Colleen Hoover delivers a tour de force novel about a troubled marriage and the one old forgotten promise that might be able to save it.

Quinn and Graham’s perfect love is threatened by their imperfect marriage. The memories, mistakes, and secrets that they have built up over the years are now tearing them apart. The one thing that could save them might also be the very thing that pushes their marriage beyond the point of repair.

All Your Perfects is a profound novel about a damaged couple whose potential future hinges on promises made in the past. This is a heartbreaking page-turner that asks: Can a resounding love with a perfect beginning survive a lifetime between two imperfect people?

Reading format: eBook

Review:

As I said earlier, I think this has been my favorite book by her. I read it in a day and a half. Like the rest of her books, it’s raw and emotional and beautiful and focuses on the relationship of Quinn and Graham – how it started, evolved and began to deteriorate.

What I loved about the book is that the chapters alternate between past and present. In the very first chapter Quinn meets Graham and it’s not a fun, silly little meet cute. Quinn is on her way up to her fiancée’s apartment when she runs into a man pacing outside the door. He scares her because he looks really pissed off, but then she learns he is there because the guy who lives there – who just so happens to be Quinn’s fiancée – is banging the guy’s girlfriend.

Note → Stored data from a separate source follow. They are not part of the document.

text \<open>The cross terms \<open>\<langle>w i + Dh i u, y - \<phi> (i + 1)\<rangle>\<close> are absorbed by Young's inequality with
  weight \<open>\<eta>\<close>; what remains is \<open>\<langle>p, y - u\<rangle>\<close>, since the \<open>w i + Dh i u\<close> sum to \<open>-p\<close>.\<close>

lemma penalized_incremental_step_estimate:
  fixes f h :: "nat \<Rightarrow> 'a::euclidean_space \<Rightarrow> real" and g :: "'a \<Rightarrow> real"
  assumes f_convex: "\<forall>i\<in>{1..m}. convex_on UNIV (f i)" and h_convex: "\<forall>i\<in>{1..m}. convex_on UNIV (h i)"
    and h_grad: "\<forall>i\<in>{1..m}. \<forall>y. (h i has_derivative (\<lambda>v. Dh i y \<bullet> v)) (at y)"
    and h_lip: "\<forall>i\<in>{1..m}. (L i)-lipschitz_on UNIV (Dh i)"
    and g_convex: "convex_on UNIV g" and g_grad: "\<forall>y. (g has_derivative (\<lambda>v. Dg y \<bullet> v)) (at y)"
    and g_lip: "Lg > 0" "Lg-lipschitz_on UNIV Dg" and g_min: "\<forall>y. g u \<le> g y"
    and a: "a > 0" "\<forall>i\<in>{1..m}. a * L i \<le> 1 / 4"
    and \<theta>: "0 < \<theta>" "\<theta> \<le> 1" and b: "0 \<le> b" "b \<le> 2 * (1 - \<theta>) / Lg"
    and \<eta>: "\<eta> > 0" "real m * (real m + 1) * \<eta> \<le> 1 / 4"
      "real m * (real m + 1) * \<eta> * b \<le> \<theta> / (2 * Lg)"
    and subgrad: "\<forall>i\<in>{1..m}. \<forall>y. f i u + w i \<bullet> (y - u) \<le> f i y"
    and sum_subgrad: "(\<Sum>i=1..m. w i + Dh i u) = - p"
    and \<phi>_1: "\<phi> 1 = y - b *\<^sub>R Dg y"
    and \<phi>_step: "\<forall>i\<in>{1..m}. \<phi> (i + 1) = prox a (f i) (\<phi> i - a *\<^sub>R Dh i (\<phi> i))"
  shows "(norm (\<phi> (m + 1) - u))^2 + 2 * b * \<theta> * (g y - g u) + b * \<theta> / (2 * Lg) * (norm (Dg y))^2
      + 1 / 2 * (\<Sum>i=1..m. (norm (\<phi> (i + 1) - \<phi> i))^2)
    \<le> (norm (y - u))^2 + 2 * a * (p \<bullet> (y - u)) + a^2 * (\<Sum>i=1..m. (norm (w i + Dh i u))^2) / \<eta>"
proof -
  define c where "c i = w i + Dh i u" for i
  define M where "M = real m * (real m + 1)"
  define N where "N = (norm (Dg y))^2"
  define SD where "SD = (\<Sum>i=1..m. (norm (\<phi> (i + 1) - \<phi> i))^2)"
  define C where "C = (\<Sum>i=1..m. (norm (w i + Dh i u))^2)"
  define CR where "CR = (\<Sum>i=1..m. c i \<bullet> (y - \<phi> (i + 1)))"
  have SD: "0 \<le> SD" by (simp add: SD_def sum_nonneg)
  have grad_step: "(norm (\<phi> 1 - u))^2 \<le> (norm (y - u))^2 - 2 * b * \<theta> * (g y - g u) - b * \<theta> / Lg * N"
    unfolding \<phi>_1 N_def
    by (rule lipschitz_gradient_step_toward_minimizer[OF g_convex g_grad g_lip(2,1) g_min \<theta>(2) b])
  have prox_steps: "(norm (\<phi> (m + 1) - u))^2 \<le> (norm (\<phi> 1 - u))^2
      - (\<Sum>i=1..m. (1 - a * L i) * (norm (\<phi> (i + 1) - \<phi> i))^2)
      + 2 * a * (\<Sum>i=1..m. c i \<bullet> (u - \<phi> (i + 1)))"
    unfolding c_def by (rule incremental_prox_gradient_estimate[OF f_convex h_convex h_grad h_lip a(1) subgrad \<phi>_step])
  have "3 / 4 * SD \<le> (\<Sum>i=1..m. (1 - a * L i) * (norm (\<phi> (i + 1) - \<phi> i))^2)"
    unfolding SD_def sum_distrib_left using a(2) by (intro sum_mono mult_right_mono) auto
  moreover have "2 * a * (\<Sum>i=1..m. c i \<bullet> (u - \<phi> (i + 1))) = 2 * a * (p \<bullet> (y - u)) + 2 * a * CR"
  proof -
    have "(\<Sum>i=1..m. c i \<bullet> (u - \<phi> (i + 1))) = (\<Sum>i=1..m. c i) \<bullet> (u - y) + CR"
      by (simp add: CR_def inner_sum_left inner_diff_right sum_subtractf)
    also have "(\<Sum>i=1..m. c i) \<bullet> (u - y) = p \<bullet> (y - u)"
      unfolding c_def sum_subgrad by (simp add: inner_diff_right)
    finally show ?thesis by (simp add: distrib_left)
  qed
  moreover have "2 * a * CR \<le> a^2 * C / \<eta> + \<eta> * M * (b^2 * N + SD)"
    using young_sum_inner_path_le[OF \<eta>(1), where a = a and c = c and m = m and x = y and \<phi> = \<phi>] \<phi>_1
    by (simp add: M_def N_def SD_def C_def CR_def c_def power_mult_distrib)
  moreover have "\<eta> * M * (b^2 * N + SD) \<le> b * \<theta> / (2 * Lg) * N + SD / 4"
  proof -
    have "(M * \<eta> * b) * (b * N) \<le> \<theta> / (2 * Lg) * (b * N)"
      using \<eta>(3) b(1) by (intro mult_right_mono) (auto simp: M_def N_def)
    moreover have "(M * \<eta>) * SD \<le> 1 / 4 * SD"
      using \<eta>(2) SD by (intro mult_right_mono) (auto simp: M_def)
    ultimately show ?thesis by (simp add: algebra_simps power2_eq_square)
  qed
  moreover have "b * \<theta> / Lg * N = 2 * (b * \<theta> / (2 * Lg) * N)"
    by simp
  ultimately show ?thesis
    using grad_step prox_steps unfolding N_def[symmetric] SD_def[symmetric] C_def[symmetric] by linarith
qed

Sex sounds are heard, Quinn realizes she is being cheated on, so she and the guy (who happens to be her future husband Graham) sit outside the door and wait for them to finish. They sit outside and eat the Chinese food that the philanderers ordered and has been delivered, and then when the cheaters come out to pick up the food, they give their exes the middle finger before leaving.

The next chapter skips several years into the future. Quinn and Graham are married, but it’s obvious it’s a marriage on the rocks. There’s an unease between them. Lots of words are left unspoken and. We get the idea that there are a lot of hurt feelings and regrets and insecurities festering, and it becomes apparent that no one is talking about them.

Over the course of the rest of the book, we alternate between the happiness that developed as the couple started dating, met each other’s parents, and eventually got married. All of this alternates between the present as the marriage appears to be falling apart, yet neither of them seems to know how to fix it.

This is a great study on how relationships that start off so beautifully can easily fall apart. One thing that really frustrated me was that I felt as though the relationship probably wouldn’t have gone as sour as it did had Quinn opened up to Graham about what she was really feeling. She felt as though she could not give him something that he really wanted – and could never, and she assumed that someone else could and he would be happier with someone else if she let him go – but she didn’t want to let him go. Meanwhile Graham just wanted Quinn’s love. Had she talked about what she was really feeling, I feel like they would have solved the problem earlier on. But then we wouldn’t have gotten this beautiful story – or maybe we would have, just a much shorter version of it.

Despite the frustration with Quinn not coming forward with what was bothering her – I also understood why she didn’t. That’s the thing with Colleen Hoover’s books – they’re real. It’s easy for an outsider to sit and say, “well if you’d just done this, you would have saved yourself a lot of heartache”, but sometimes the thought of doing this is – is just a scary.